In a thought-provoking Girlboss Radio podcast, Luvvie Ajayi, author, speaker and digital strategist, revealed an interesting conversation she had on the mythical concept of work-life balance with Thasunda Duckett, CEO of Consumer Banking at JPMorgan Chase. Thasunda told Luvvie how she viewed life as a portfolio that you put 100% of your assets (your time and energy) into. When she asked Luvvie to state how much of her life she spends working, Luvvie answered 80%, leaving just 20% for friends, family, self-care and everything in between. According to Thasunda, Luvvie and those who would give a similar response, need to diversify their portfolio. Investors wouldn’t put the majority of their money in one single place, because if the market goes down, you’re only left with 20% of what you put in. So, why should we?
This interesting analogy reminds us that too much of the same thing all the time can come at a cost. But, can we ever strike the perfect work-life balance? Or, is achieving it a myth?
Work-Life Balance: A Flawed Concept?
Setting Ourselves Up For Failure
Balanced means equal. In this sense, we should be spending 50% of our time working and 50% of our time doing everything else, which would be to chase an unattainable ideal. What’s more, this idea of equal parts suggests that to be living well, the 50:50 ratio needs to be maintained.
But, our relationship with work and ‘life’ is never static. At times, the majority of our energy goes into working and at others, we prioritise our relationships, self-care or hobbies. We can’t predict what life will throw at us and the constant adjustments we will need to make. The assumption that this equal parts split or someone else’s idea of optimal work-life balance is something to work towards, is most likely setting us up for failure from the very beginning.
A Division between Work and Life
To create a clear division between work and ‘life’ is also to suggest that they’re mutually exclusive – when we’re working, we’re not living, and vice versa. We might even have one personality we wear at work, and another outside of the office. Perhaps, those who see their working day as something that eats into their personal life, aren’t lucky enough to have found their true purpose, or be able to pursue it. The old phrase, “if you love what you do, you’ll never work another day in your life”, springs to mind.
Work-Life Integration, Not Balance
One of the thought leaders on the subject of work-life balance, Professor Stew Friedman, has dedicated years of research to the paradox above. In his writing, he stresses the importance of bringing your entire authentic self to work and finding harmony between the four key aspects of life: work, home, community and self.
How? Talking to Forbes, Friedman explains his notion of ‘four-way wins’ as “an action or a different way of thinking that helps you see that what you’re doing is making a positive impact directly, or has a ripple effect” on the four aspects mentioned above. In other words, it’s about work-life integration, not balance, as the improvements we make in our wider lives can benefit our work.

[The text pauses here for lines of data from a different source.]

lemma derivation_at_vanishing_near:
  fixes x :: "'a::euclidean_space"
  assumes v: "derivation_at A x v" and "RS S \<subseteq> A" and "x \<in> S" and "F \<in> A"
    and "open U" "x \<in> U" and F0: "\<forall>y\<in>U \<inter> S. F y = 0"
  shows "v F = 0"
proof -
  obtain r where r: "r > 0" "ball x r \<subseteq> U"
    using assms open_contains_ball by blast
  obtain \<phi> where \<phi>: "smooth \<phi>" "\<phi> x > 0" "\<And>y. dist y x \<ge> r \<Longrightarrow> \<phi> y = 0"
    using smooth_bump[OF r(1)] by blast
  have \<phi>A: "restrict0 S \<phi> \<in> A" and zeroA: "(\<lambda>y. 0) \<in> A"
    using assms restrict0_in_RS[OF \<phi>(1)] restrict0_in_RS[OF smooth_const, of S 0]
    by (auto simp: restrict0_def)
  have "(\<lambda>y. restrict0 S \<phi> y * F y) = (\<lambda>y. 0)"
  proof
    fix y
    show "restrict0 S \<phi> y * F y = 0"
      using r F0 \<phi>(3)[of y] by (cases "y \<in> S \<and> dist y x < r") (auto simp: restrict0_def dist_commute)
  qed
  then have "0 = \<phi> x * v F"
    using derivation_at_mult[OF v \<phi>A \<open>F \<in> A\<close>] derivation_at_zero[OF v zeroA] F0 assms
    by (simp add: restrict0_def)
  then show ?thesis
    using \<phi>(2) by simp
qed

lemma derivation_at_locally_eq:
  fixes x :: "'a::euclidean_space"
  assumes v: "derivation_at A x v" and "RS S \<subseteq> A" and "x \<in> S"
    and "h \<in> A" and diff: "(\<lambda>y. f y - h y) \<in> A"
    and "open U" "x \<in> U" and "\<forall>y\<in>U \<inter> S. f y = h y"
  shows "v f = v h"
proof -
  have "v (\<lambda>y. f y - h y) = 0"
    by (rule derivation_at_vanishing_near[OF v]) (use assms in auto)
  moreover have "v f = v (\<lambda>y. f y - h y) + v h"
    using derivation_at_add[OF v diff \<open>h \<in> A\<close>] by simp
  ultimately show ?thesis by simp
qed

section \<open>Extending a derivation from restrictions to all smooth functions on S\<close>

definition extend_derivation ::
  "'a::euclidean_space set \<Rightarrow> 'a \<Rightarrow> (('a \<Rightarrow> real) \<Rightarrow> real) \<Rightarrow> ('a \<Rightarrow> real) \<Rightarrow> real" where
  "extend_derivation S x u f = u (restrict0 S (SOME g. local_rep S x f g))"

lemma extend_derivation_eq:
  assumes "x \<in> S" and u: "derivation_at (RS S) x u" and rep: "local_rep S x f g"
  shows "extend_derivation S x u f = u (restrict0 S g)"
proof -
  have rep_indep: "u (restrict0 S g1) = u (restrict0 S g2)"
    if rep1: "local_rep S x f g1" and rep2: "local_rep S x f g2" for g1 g2
  proof -
    obtain U1 where U1: "open U1" "x \<in> U1" "\<forall>y\<in>U1 \<inter> S. f y = g1 y" "smooth g1"
      using rep1 by (rule local_repE)
    obtain U2 where U2: "open U2" "x \<in> U2" "\<forall>y\<in>U2 \<inter> S. f y = g2 y" "smooth g2"
      using rep2 by (rule local_repE)
    have "(\<lambda>y. restrict0 S g1 y - restrict0 S g2 y) = restrict0 S (\<lambda>y. g1 y - g2 y)"
      by (auto simp: restrict0_def)
    then have diff: "(\<lambda>y. restrict0 S g1 y - restrict0 S g2 y) \<in> RS S"
      using restrict0_in_RS[OF smooth_diff[OF U1(4) U2(4)]] by simp
    have "\<forall>y\<in>(U1 \<inter> U2) \<inter> S. restrict0 S g1 y = restrict0 S g2 y"
    proof
      fix y
      assume "y \<in> (U1 \<inter> U2) \<inter> S"
      then have "f y = g1 y" "f y = g2 y"
        using U1(3) U2(3) by blast+
      then show "restrict0 S g1 y = restrict0 S g2 y"
        by (simp add: restrict0_def)
    qed
    then show ?thesis
      using U1 U2 by (intro derivation_at_locally_eq[OF u subset_refl \<open>x \<in> S\<close>
          restrict0_in_RS[OF U2(4)] diff, of "U1 \<inter> U2"]) auto
  qed
  from rep have "local_rep S x f (SOME g. local_rep S x f g)"
    by (rule someI[of "local_rep S x f"])
  then show ?thesis
    unfolding extend_derivation_def using rep by (rule rep_indep)
qed

lemma extend_derivation_RS:
  "x \<in> S \<Longrightarrow> derivation_at (RS S) x u \<Longrightarrow> f \<in> RS S \<Longrightarrow> extend_derivation S x u f = u f"
  by (auto simp: RS_eq extend_derivation_eq local_rep_restrict0)

lemma derivation_at_extend_derivation:
  assumes xS: "x \<in> S" and u: "derivation_at (RS S) x u"
  shows "derivation_at (Cinf_on S) x (extend_derivation S x u)"
  unfolding derivation_at_def
proof (intro conjI ballI allI)
  fix f h
  assume "f \<in> Cinf_on S" "h \<in> Cinf_on S"
  then obtain g k where g: "local_rep S x f g" and k: "local_rep S x h k"
    using Cinf_on_local_rep xS by blast
  then have gk: "restrict0 S g \<in> RS S" "restrict0 S k \<in> RS S"
    unfolding local_rep_def by (auto intro: restrict0_in_RS)
  have ext: "extend_derivation S x u f = u (restrict0 S g)"
    "extend_derivation S x u h = u (restrict0 S k)"
    "extend_derivation S x u (\<lambda>y. f y + h y) = u (restrict0 S (\<lambda>y. g y + k y))"
    "extend_derivation S x u (\<lambda>y. f y * h y) = u (restrict0 S (\<lambda>y. g y * k y))"
    using extend_derivation_eq[OF xS u] g k local_rep_add[OF g k] local_rep_mult[OF g k] by blast+
  have "restrict0 S (\<lambda>y. g y + k y) = (\<lambda>y. restrict0 S g y + restrict0 S k y)"
    "restrict0 S (\<lambda>y. g y * k y) = (\<lambda>y. restrict0 S g y * restrict0 S k y)"
    by (auto simp: restrict0_def)
  moreover have "f x = restrict0 S g x" "h x = restrict0 S k x"
    using local_rep_at[OF g xS] local_rep_at[OF k xS] xS by (simp_all add: restrict0_def)
  ultimately show "extend_derivation S x u (\<lambda>y. f y + h y)
      = extend_derivation S x u f + extend_derivation S x u h"
    and "extend_derivation S x u (\<lambda>y. f y * h y)
      = extend_derivation S x u f * h x + f x * extend_derivation S x u h"
    unfolding ext using derivation_at_add[OF u gk] derivation_at_mult[OF u gk] by simp_all
next
  fix c f
  assume "f \<in> Cinf_on S"
  then obtain g where g: "local_rep S x f g"
    using Cinf_on_local_rep xS by blast
  then have "restrict0 S g \<in> RS S"
    unfolding local_rep_def by (auto intro: restrict0_in_RS)
  moreover have "restrict0 S (\<lambda>y. c * g y) = (\<lambda>y. c * restrict0 S g y)"
    by (auto simp: restrict0_def)
  moreover have "extend_derivation S x u f = u (restrict0 S g)"
    "extend_derivation S x u (\<lambda>y. c * f y) = u (restrict0 S (\<lambda>y. c * g y))"
    using extend_derivation_eq[OF xS u] g local_rep_scaleR[OF g] by blast+
  ultimately show "extend_derivation S x u (\<lambda>y. c * f y) = c * extend_derivation S x u f"
    using derivation_at_scaleR[OF u] by simp
qed

lemma extend_derivation_unique:
  assumes xS: "x \<in> S" and u: "derivation_at (RS S) x u"
    and w: "derivation_at (Cinf_on S) x w" and wu: "\<forall>f\<in>RS S. w f = u f"
    and f: "f \<in> Cinf_on S"
  shows "w f = extend_derivation S x u f"
proof -
  obtain g where g: "local_rep S x f g"
    using Cinf_on_local_rep[OF f xS] by blast
  then obtain U where U: "open U" "x \<in> U" "\<forall>y\<in>U \<inter> S. f y = g y" and "smooth g"
    by (rule local_repE)
  from \<open>smooth g\<close> have gR: "restrict0 S g \<in> RS S"
    by (rule restrict0_in_RS)
  then have gC: "restrict0 S g \<in> Cinf_on S"
    using RS_subset_Cinf_on by blast
  have "w f = w (restrict0 S g)"
    by (rule derivation_at_locally_eq[OF w RS_subset_Cinf_on xS gC Cinf_on_diff[OF f gC] U(1,2)])
      (use U(3) in \<open>auto simp: restrict0_def\<close>)
  also have "\<dots> = extend_derivation S x u f"
    using wu gR extend_derivation_eq[OF xS u g] by simp
  finally show ?thesis .
qed

theorem mainTheorem3:
  fixes S :: "'a::euclidean_space set" and x :: 'a
    and u :: "('a \<Rightarrow> real) \<Rightarrow> real"
  assumes "x \<in> S"
    and "derivation_at (RS S) x u"
  shows "\<exists>w. derivation_at (Cinf_on S) x w \<and> (\<forall>f\<in>RS S. w f = u f) \<and>
           (\<forall>w'. derivation_at (Cinf_on S) x w' \<and> (\<forall>f\<in>RS S. w' f = u f)
                 \<longrightarrow> (\<forall>f\<in>Cinf_on S. w' f = w f))"
  using derivation_at_extend_derivation[OF assms] extend_derivation_RS[OF assms]
    extend_derivation_unique[OF assms]
  by blast

end
lemma zero_one_by_cover:
  fixes F E :: "'a::euclidean_space set" and G :: "'i \<Rightarrow> 'a set"
  assumes F: "F \<in> lmeasurable" "measure lebesgue F \<le> 1"
    and E: "E \<in> sets lebesgue" "E \<subseteq> F" "measure lebesgue E = 0 \<or> measure lebesgue E = 1"
    and I: "countable I"
    and G: "\<And>i. i \<in> I \<Longrightarrow> G i \<in> sets lebesgue" "\<And>i. i \<in> I \<Longrightarrow> G i \<subseteq> F"
      "\<And>i. i \<in> I \<Longrightarrow> measure lebesgue (G i) = 0 \<or> measure lebesgue (G i) = 1"
    and cover: "F \<subseteq> E \<union> (\<Union>i\<in>I. G i)"
  shows "measure lebesgue F = 0 \<or> measure lebesgue F = 1"
proof (cases "\<exists>i\<in>I. measure lebesgue (G i) = 1")
  case True
  then obtain i where i: "i \<in> I" and Gi: "measure lebesgue (G i) = 1" by blast
  have "measure lebesgue (G i) \<le> measure lebesgue F"
    by (rule measure_mono_fmeasurable[OF G(2)[OF i] G(1)[OF i] F(1)])
  then show ?thesis using F(2) Gi by simp
next
  case False
  have "G i \<in> null_sets lebesgue" if i: "i \<in> I" for i
  proof -
    have "measure lebesgue (G i) = 0" using False G(3)[OF i] i by blast
    moreover have "G i \<in> lmeasurable" by (rule fmeasurableI2[OF F(1) G(2)[OF i] G(1)[OF i]])
    ultimately show ?thesis by (simp add: null_sets_def emeasure_eq_measure2 fmeasurableD)
  qed
  then have "(\<Union>i\<in>I. G i) \<in> null_sets lebesgue" by (rule null_sets_UN'[OF I])
  moreover have "F - E \<in> sets lebesgue" using fmeasurableD[OF F(1)] E(1) by (rule sets.Diff)
  moreover have "F - E \<subseteq> (\<Union>i\<in>I. G i)" using cover by blast
  ultimately have "F - E \<in> null_sets lebesgue" by (rule null_sets_subset)
  then have "measure lebesgue (E \<union> (F - E)) = measure lebesgue E"
    by (rule measure_Un_null_set[OF E(1)])
  moreover have "E \<union> (F - E) = F" using E(2) by blast
  ultimately have "measure lebesgue F = measure lebesgue E" by simp
  then show ?thesis using E(3) by simp
qed

lemma zero_one_unbounded_valuation_set:
  "measure lebesgue (unbounded_valuation_set v \<Psi> \<inter> half_open_cube :: (real^'m^'n) set) = 0 \<or>
   measure lebesgue (unbounded_valuation_set v \<Psi> \<inter> half_open_cube :: (real^'m^'n) set) = 1"
proof (rule zero_one_dyadic_translation_invariant)
  show "unbounded_valuation_set v \<Psi> \<inter> half_open_cube \<in> sets lebesgue"
    by (rule inter_half_open_cube_lebesgue[OF unbounded_valuation_set_borel])
  fix X s W assume "X \<in> unbounded_valuation_set v \<Psi> \<inter> (half_open_cube :: (real^'m^'n) set)"
  then show "frac_mat (X + (1/2^s) *\<^sub>R int_mat W) \<in> unbounded_valuation_set v \<Psi> \<inter> half_open_cube"
    using unbounded_valuation_set_dyadic_invariant frac_mat_in_half_open_cube by blast
qed simp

Starting work 30 minutes later because you’ve chosen to do some exercise is a great example. You’ll feel more energised for the working day ahead, you’ll also probably be running on endorphins which will benefit those around you, and you’ll be feeling good about yourself having taken time to care for your body. In conversation with 1 Million for Work Flexibility, Friedman summarises, “My research indicates that if you focus attention on yourself or your family in ways that you expect will have positive, even if indirect, benefits for your business (by being healthier, more energetic, or less cranky, for example), then you’re probably going to see those benefits.”
The idea that work-life balance is something to be strived for, that it brings happiness and success, is a myth. Aiming for a 50:50 work-life balance is arguably chasing failure – we can’t achieve the perfect balance, only better integration. The demands on our time will always fluctuate and separating our career from everything else negates that it’s a core part of our lives. And, crucially, each person’s perception of the perfect balance will be different. Of course, in today’s digital era, switching off from work is increasingly important, but trying to constantly compartmentalise it is exhausting. Instead, Friedman’s method of making small tweaks and improvements that affect all areas of our lives directly or indirectly, is worth some thought.